CNBC.COM: What role will Symantec’s new distributed marketing approach play in helping you to further penetrate the corporate market?

CULLEN: It does two things. First, we already offer virus protection to Web portals, such as Yahoo! {YHOO}, so that users of Yahoo! mail don’t have to worry about viruses. They get that protection automatically, and we anticipate more arrangements like that. Once we’re serving a portal in that way it becomes easier to extend what we are doing into other areas, including offering similar protection to any of their customers that will work on any sites they visit or on any e-mail messages they receive. Second, we’re turning our service provider customers into partners, so they can offer virus protection to their users. We believe everyone has a responsibility to keep the Internet safe and secure, and we now have in place a strategy that will allow us to do that more effectively.

CNBC.COM: You say you hope to make virus protection a point of differentiation for online-service providers. But do you think customers will choose one site over another, simply because it offers access to virus protection software and updates?

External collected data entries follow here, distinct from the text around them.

text \<open>Exit time tau_B = inf{t. Y_t \<notin> B} = S_N, N the first index with X_N \<notin> B.\<close>
definition exit_time :: "nat \<Rightarrow> nat list set \<Rightarrow> nat list set \<Rightarrow> nat list \<Rightarrow> (nat \<Rightarrow> real \<times> real) \<Rightarrow> ennreal" where
  "exit_time n0 G B z \<omega> = (if \<exists>n. jchain n0 G z \<omega> n \<notin> B
     then (\<Sum>k < (LEAST n. jchain n0 G z \<omega> n \<notin> B). ennreal (snd (\<omega> k)))
     else \<infinity>)"

definition exp_exit :: "nat \<Rightarrow> nat list set \<Rightarrow> nat list set \<Rightarrow> nat list \<Rightarrow> ennreal" where
  "exp_exit n0 G B z = (\<integral>\<^sup>+ \<omega>. exit_time n0 G B z \<omega> \<partial>walk_space)"

end

theory Submission
  imports Defs "HOL-Library.Sublist"
begin

(*
  The mean exit time u(x) = E^x tau_B is the least nonnegative solution of u = 1 + P u on B,
  u = 0 off B, where P averages over neighbours: truncating tau_B at the k-th jump gives
  iterates increasing to u, and if they stay bounded the walk leaves B almost surely.  Hence
  nonnegative supersolutions bound u from above, and bounded subsolutions that are nonpositive
  off B bound it from below.

  On a tree the Gromov product (y|z)_e is harmonic in y except for a unit source at e and a
  unit sink at z.  For (a), sum_{z in B} mu_z (y|z)_e with e outside B is a supersolution;
  choosing e at distance floor r + 1 from x0 bounds it by 2 r V(x0, r).  For (b), average
  (y|z)_a over a separating set A of size M and subtract a constant: the result is
  subharmonic away from z, nonpositive outside B because a geodesic from z leaving B passes
  through A, and at least r/(32M) on the small ball; summing over z in the small ball against
  mu_z gives the subsolution.
*)

section \<open>The random walk\<close>

definition step_measure :: "(real \<times> real) measure" where
  "step_measure = uniform_measure lborel {0..1} \<Otimes>\<^sub>M density lborel (exponential_density 1)"

lemma sets_step_measure: "sets step_measure = sets (borel \<Otimes>\<^sub>M borel)"
  unfolding step_measure_def by (intro sets_pair_measure_cong) auto

lemma measurable_fst_step_measure [measurable]: "fst \<in> borel_measurable step_measure"
  by (simp add: measurable_cong_sets[OF sets_step_measure refl])

lemma measurable_snd_step_measure [measurable]: "snd \<in> borel_measurable step_measure"
  by (simp add: measurable_cong_sets[OF sets_step_measure refl])

lemma prob_space_unit_uniform: "prob_space (uniform_measure lborel {0..1::real})"
  by (rule prob_space_uniform_measure) auto

lemma prob_space_unit_exponential: "prob_space (density lborel (exponential_density 1))"
  by (rule prob_space_exponential_density) simp

lemma prob_space_step_measure: "prob_space step_measure"
proof -
  interpret U: prob_space "uniform_measure lborel {0..1::real}"
    by (rule prob_space_unit_uniform)
  interpret E: prob_space "density lborel (exponential_density 1)"
    by (rule prob_space_unit_exponential)
  interpret pair_prob_space "uniform_measure lborel {0..1::real}" "density lborel (exponential_density 1)" ..
  show ?thesis
    unfolding step_measure_def by (rule P.prob_space_axioms)
qed

lemma nn_integral_step_measure:
  assumes [measurable]: "f \<in> borel_measurable (borel \<Otimes>\<^sub>M borel)"
  shows "(\<integral>\<^sup>+x. f x \<partial>step_measure) =
    (\<integral>\<^sup>+u. \<integral>\<^sup>+t. f (u, t) \<partial>density lborel (exponential_density 1) \<partial>uniform_measure lborel {0..1})"
proof -
  interpret E: prob_space "density lborel (exponential_density 1)"
    by (rule prob_space_unit_exponential)
  show ?thesis
    unfolding step_measure_def by (rule E.nn_integral_fst[symmetric]) measurable
qed

lemma nn_integral_step_measure_fst:
  assumes [measurable]: "g \<in> borel_measurable borel"
  shows "(\<integral>\<^sup>+x. g (fst x) \<partial>step_measure) = (\<integral>\<^sup>+u. g u \<partial>uniform_measure lborel {0..1})"
proof -
  interpret E: prob_space "density lborel (exponential_density 1)"
    by (rule prob_space_unit_exponential)
  show ?thesis
    using E.emeasure_space_1 by (simp add: nn_integral_step_measure)
qed

lemma nn_integral_exponential_mean: "(\<integral>\<^sup>+t. ennreal t \<partial>density lborel (exponential_density 1)) = 1"
proof -
  have "(\<integral>\<^sup>+t. ennreal t \<partial>density lborel (exponential_density 1)) =
      (\<integral>\<^sup>+t. ennreal (t ^ 1 * exp (- t)) * indicator {0..} t \<partial>lborel)"
    by (subst nn_integral_density)
      (auto intro!: nn_integral_cong simp: exponential_density_def indicator_def
        ennreal_mult'[symmetric] mult.commute)
  also have "\<dots> = 1"
    by (subst nn_intergal_power_times_exp_Ici) simp
  finally show ?thesis .
qed

lemma nn_integral_step_measure_snd: "(\<integral>\<^sup>+x. ennreal (snd x) \<partial>step_measure) = 1"
proof -
  interpret U: prob_space "uniform_measure lborel {0..1::real}"
    by (rule prob_space_unit_uniform)
  show ?thesis
    by (simp add: nn_integral_step_measure nn_integral_exponential_mean U.emeasure_space_1)
qed

lemma walk_space_eq_PiM: "walk_space = PiM UNIV (\<lambda>_. step_measure)"
  unfolding walk_space_def step_measure_def ..

lemma prob_space_walk_space: "prob_space walk_space"
proof -
  interpret step_measure: prob_space step_measure
    by (rule prob_space_step_measure)
  interpret S: sequence_space step_measure ..
  show ?thesis
    unfolding walk_space_eq_PiM by (rule S.P.prob_space_axioms)
qed

lemma measurable_walk_space_component [measurable]: "(\<lambda>\<omega>. \<omega> j) \<in> measurable walk_space step_measure"
  unfolding walk_space_eq_PiM by measurable

lemma nn_integral_walk_space_first_step:
  assumes f [measurable]: "f \<in> borel_measurable walk_space"
  shows "(\<integral>\<^sup>+\<omega>. f \<omega> \<partial>walk_space) = (\<integral>\<^sup>+x. \<integral>\<^sup>+\<omega>. f (case_nat x \<omega>) \<partial>walk_space \<partial>step_measure)"
proof -
  interpret step_measure: prob_space step_measure
    by (rule prob_space_step_measure)
  interpret S: sequence_space step_measure ..
  have f': "f \<in> borel_measurable S.S"
    using f by (simp add: walk_space_eq_PiM)
  have "(\<integral>\<^sup>+\<omega>. f \<omega> \<partial>walk_space) = (\<integral>\<^sup>+X. f ((\<lambda>(s, \<omega>). case_nat s \<omega>) X) \<partial>(step_measure \<Otimes>\<^sub>M S.S))"
    unfolding walk_space_eq_PiM by (subst S.PiM_iter[symmetric]) (simp add: nn_integral_distr f')
  also have "\<dots> = (\<integral>\<^sup>+x. \<integral>\<^sup>+\<omega>. f ((\<lambda>(s, \<omega>). case_nat s \<omega>) (x, \<omega>)) \<partial>S.S \<partial>step_measure)"
    using f' by (subst S.nn_integral_fst) simp_all
  finally show ?thesis
    by (simp add: walk_space_eq_PiM)
qed

lemma measurable_jump [measurable]: "jump n0 G v \<in> measurable borel (count_space UNIV)"
  unfolding jump_def Let_def by measurable

lemma measurable_jchain [measurable]:
  "(\<lambda>\<omega>. jchain n0 G z \<omega> n) \<in> measurable walk_space (count_space UNIV)"
proof (induction n)
  case (Suc n)
  have "(\<lambda>\<omega>. jump n0 G v (fst (\<omega> n))) \<in> measurable walk_space (count_space UNIV)" for v
    unfolding walk_space_def by measurable
  from measurable_compose_countable[OF this Suc.IH] show ?case
    by simp
qed simp

lemma jchain_Suc_shift:
  "jchain n0 G z \<omega> (Suc n) = jchain n0 G (jump n0 G z (fst (\<omega> 0))) (\<lambda>n. \<omega> (Suc n)) n"
  by (induction n) auto

lemma mem_unit_subinterval_iff:
  fixes u :: real
  assumes "0 \<le> u" "u < 1" "i < n"
  shows "u \<in> {real i / n..<(real i + 1) / n} \<longleftrightarrow> i = nat \<lfloor>u * n\<rfloor>"
proof -
  have "u \<in> {real i / n..<(real i + 1) / n} \<longleftrightarrow> real i \<le> u * n \<and> u * n < real i + 1"
    using assms by (simp add: field_simps)
  also have "\<dots> \<longleftrightarrow> \<lfloor>u * n\<rfloor> = int i"
    by (simp add: floor_eq_iff)
  finally show ?thesis
    using assms by auto
qed
lemma Iop_apply:
  "Iop d x (a, b) (c, e) = of_real (1 / (\<Sum>i<d. x i)^2) *
     (if a < d \<and> b < d \<and> ((c = a \<and> e = b) \<or> (c = b \<and> e = a)) then of_real (x a * x b) else 0)"
proof -
  define Y :: complex where "Y = of_real (x a * x b * (of_bool (c = a \<and> e = b) + of_bool (c = b \<and> e = a)))"
  have diagonal: "(\<Sum>i<d. of_real ((x i)^2) * outer (ket2 i i) (ket2 i i) (a, b) (c, e))
     = (if a < d \<and> b = a \<and> c = a \<and> e = a then of_real ((x a)^2) else 0)"
  proof -
    have "of_real ((x i)^2) * outer (ket2 i i) (ket2 i i) (a, b) (c, e)
       = (if i = a then (if b = a \<and> c = a \<and> e = a then of_real ((x a)^2) else 0) else 0)" for i
      by (auto simp: outer_def ket2_def)
    then show ?thesis by (simp add: sum.delta)
  qed
  have "of_real (2 * x i * x j) * outer (Dket i j) (Dket i j) (a, b) (c, e)
      = (if i = a \<and> j = b then Y else 0) + (if i = b \<and> j = a then Y else 0)" if "i < j" for i j
    using that by (auto simp: outer_Dket_apply Y_def)
  then have off_diagonal:
    "(\<Sum>i<d. \<Sum>j\<in>{i<..<d}. of_real (2 * x i * x j) * outer (Dket i j) (Dket i j) (a, b) (c, e))
     = (if a < b \<and> b < d then Y else 0) + (if b < a \<and> a < d then Y else 0)"
    by (simp add: sum.distrib sum_upper_triangle_delta)
  show ?thesis
    unfolding Iop_def prod.case diagonal off_diagonal
    by (cases a b rule: linorder_cases) (auto simp: Y_def power2_eq_square)
qed

definition phase_state :: "nat \<Rightarrow> (nat \<Rightarrow> real) \<Rightarrow> (nat \<Rightarrow> nat) \<Rightarrow> nat \<Rightarrow> complex" where
  "phase_state d x f a = (if a < d then of_real (sqrt (x a / (\<Sum>i<d. x i))) * \<i>^(f a) else 0)"

lemma phase_state_norm:
  assumes "\<And>i. i < d \<Longrightarrow> x i \<ge> 0" "(\<Sum>i<d. x i) > 0"
  shows "(\<Sum>a<d. (cmod (phase_state d x f a))^2) = 1"
proof -
  have "(\<Sum>a<d. (cmod (phase_state d x f a))^2) = (\<Sum>a<d. x a / (\<Sum>i<d. x i))"
    using assms by (intro sum.cong refl) (simp add: phase_state_def norm_mult norm_power)
  also have "\<dots> = 1"
    using assms(2) by (simp flip: sum_divide_distrib)
  finally show ?thesis .
qed

lemma Iop_eq_phase_average:
  assumes "\<And>i. i < d \<Longrightarrow> x i \<ge> 0" "(\<Sum>i<d. x i) > 0"
  defines "\<psi> \<equiv> phase_state d x"
  shows "Iop d x = (\<lambda>r s. \<Sum>f\<in>PiE {..<d} (\<lambda>_. {..<4}).
           of_real (1 / 4^d) * tensor (outer (\<psi> f) (\<psi> f)) (outer (\<psi> f) (\<psi> f)) r s)"
proof (intro ext)
  fix r q :: "nat \<times> nat"
  obtain a b c e where r: "r = (a, b)" and q: "q = (c, e)"
    by fastforce
  define total where "total = (\<Sum>i<d. x i)"
  show "Iop d x r q = (\<Sum>f\<in>PiE {..<d} (\<lambda>_. {..<4}).
           of_real (1 / 4^d) * tensor (outer (\<psi> f) (\<psi> f)) (outer (\<psi> f) (\<psi> f)) r q)"
  proof (cases "a < d \<and> b < d \<and> c < d \<and> e < d")
    case False
    then show ?thesis
      by (auto simp: r q Iop_apply tensor_def outer_def \<psi>_def phase_state_def)
  next
    case True
    define M where "M \<longleftrightarrow> (c = a \<and> e = b) \<or> (c = b \<and> e = a)"
    define K where "K = sqrt (x a / total) * sqrt (x b / total) * sqrt (x c / total) * sqrt (x e / total)"
    have "total > 0"
      using assms(2) by (simp add: total_def)
    have K: "K = x a * x b / total^2" if M
    proof -
      have "K = (sqrt (x a / total))^2 * (sqrt (x b / total))^2"
        using that unfolding K_def M_def power2_eq_square by (auto simp: mult_ac)
      then show ?thesis
        using True assms(1) \<open>total > 0\<close> by (simp add: power_divide power2_eq_square)
    qed
    have "(\<Sum>f\<in>PiE {..<d} (\<lambda>_. {..<4}).
           of_real (1 / 4^d) * tensor (outer (\<psi> f) (\<psi> f)) (outer (\<psi> f) (\<psi> f)) r q)
        = of_real (K / 4^d) * (\<Sum>f\<in>PiE {..<d} (\<lambda>_. {..<4::nat}).
           \<i>^(f a) * \<i>^(f b) * cnj (\<i>^(f c)) * cnj (\<i>^(f e)))"
      using True unfolding sum_distrib_left
      by (intro sum.cong refl) (simp add: r q tensor_def outer_def \<psi>_def phase_state_def K_def total_def mult_ac)
    also have "\<dots> = of_real (K / 4^d) * (if M then 4^d else 0)"
      using True by (subst sum_PiE_i_phases) (auto simp: M_def)
    also have "\<dots> = Iop d x r q"
      using True K \<open>total > 0\<close> by (cases M) (auto simp: r q Iop_apply M_def total_def)
    finally show ?thesis
      by (rule sym)
  qed
qed

theorem lemma2:
  fixes d :: nat and x :: "nat \<Rightarrow> real"
  assumes "d \<ge> 2"
    and "\<forall>i<d. x i \<ge> 0"
    and "\<exists>i<d. x i \<noteq> 0"
  shows "density_on ({..<d} \<times> {..<d}) (Iop d x) \<and> separable d (Iop d x)"
proof -
  have nonneg: "\<And>i. i < d \<Longrightarrow> x i \<ge> 0"
    using assms(2) by blast
  have pos: "(\<Sum>i<d. x i) > 0"
    using assms(3) nonneg by (metis lessThan_iff finite_lessThan less_eq_real_def sum_pos2)
  define \<psi> where "\<psi> = phase_state d x"
  define F where "F = PiE {..<d} (\<lambda>_. {..<4::nat})"
  have F: "finite F" "(\<Sum>f\<in>F. 1 / 4^d :: real) = 1"
    by (simp_all add: F_def finite_PiE card_PiE)
  have support: "\<psi> f a = 0" if "a \<ge> d" for f a
    using that by (simp add: \<psi>_def phase_state_def)
  have unit: "(\<Sum>a<d. (cmod (\<psi> f a))^2) = 1" for f
    unfolding \<psi>_def using nonneg pos by (rule phase_state_norm)
  have factors: "density_on {..<d} (outer (\<psi> f) (\<psi> f))" for f
    using support unit by (intro density_on_outer) (auto simp: not_less)
  define \<rho> where "\<rho> = (\<lambda>r s. \<Sum>f\<in>F. of_real (1 / 4^d) *
    tensor (outer (\<psi> f) (\<psi> f)) (outer (\<psi> f) (\<psi> f)) r s)"
  have "Iop d x = \<rho>"
    unfolding \<rho>_def F_def \<psi>_def by (rule Iop_eq_phase_average[OF nonneg pos])
  moreover have "density_on ({..<d} \<times> {..<d}) \<rho>"
    unfolding \<rho>_def by (rule density_on_sum_tensor_outer) (use F support unit in auto)
  moreover have "separable d \<rho>"
    unfolding \<rho>_def by (rule separable_sum_tensor) (use F factors in auto)
  ultimately show ?thesis
    by simp
qed

end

TRILLING: It will give consumers one less thing to think about. We think the simplest, easiest-to-use solutions will prove best in the long run. There’s already too much complexity on the Internet. This is an effort to simplify things, and we think that’s exactly what consumers and service providers want. As I say, in a way we will be competing with ourselves, with our existing channels. But we think the best way to prepare for the future is to make it easy for consumers. Charles Schwab {SCH} wasn’t afraid to offer cheap online trading, even though it threatened their earlier approach. It’s a way to corner the market, attract new customers and hold on to existing customers, and we think we can do the same thing here.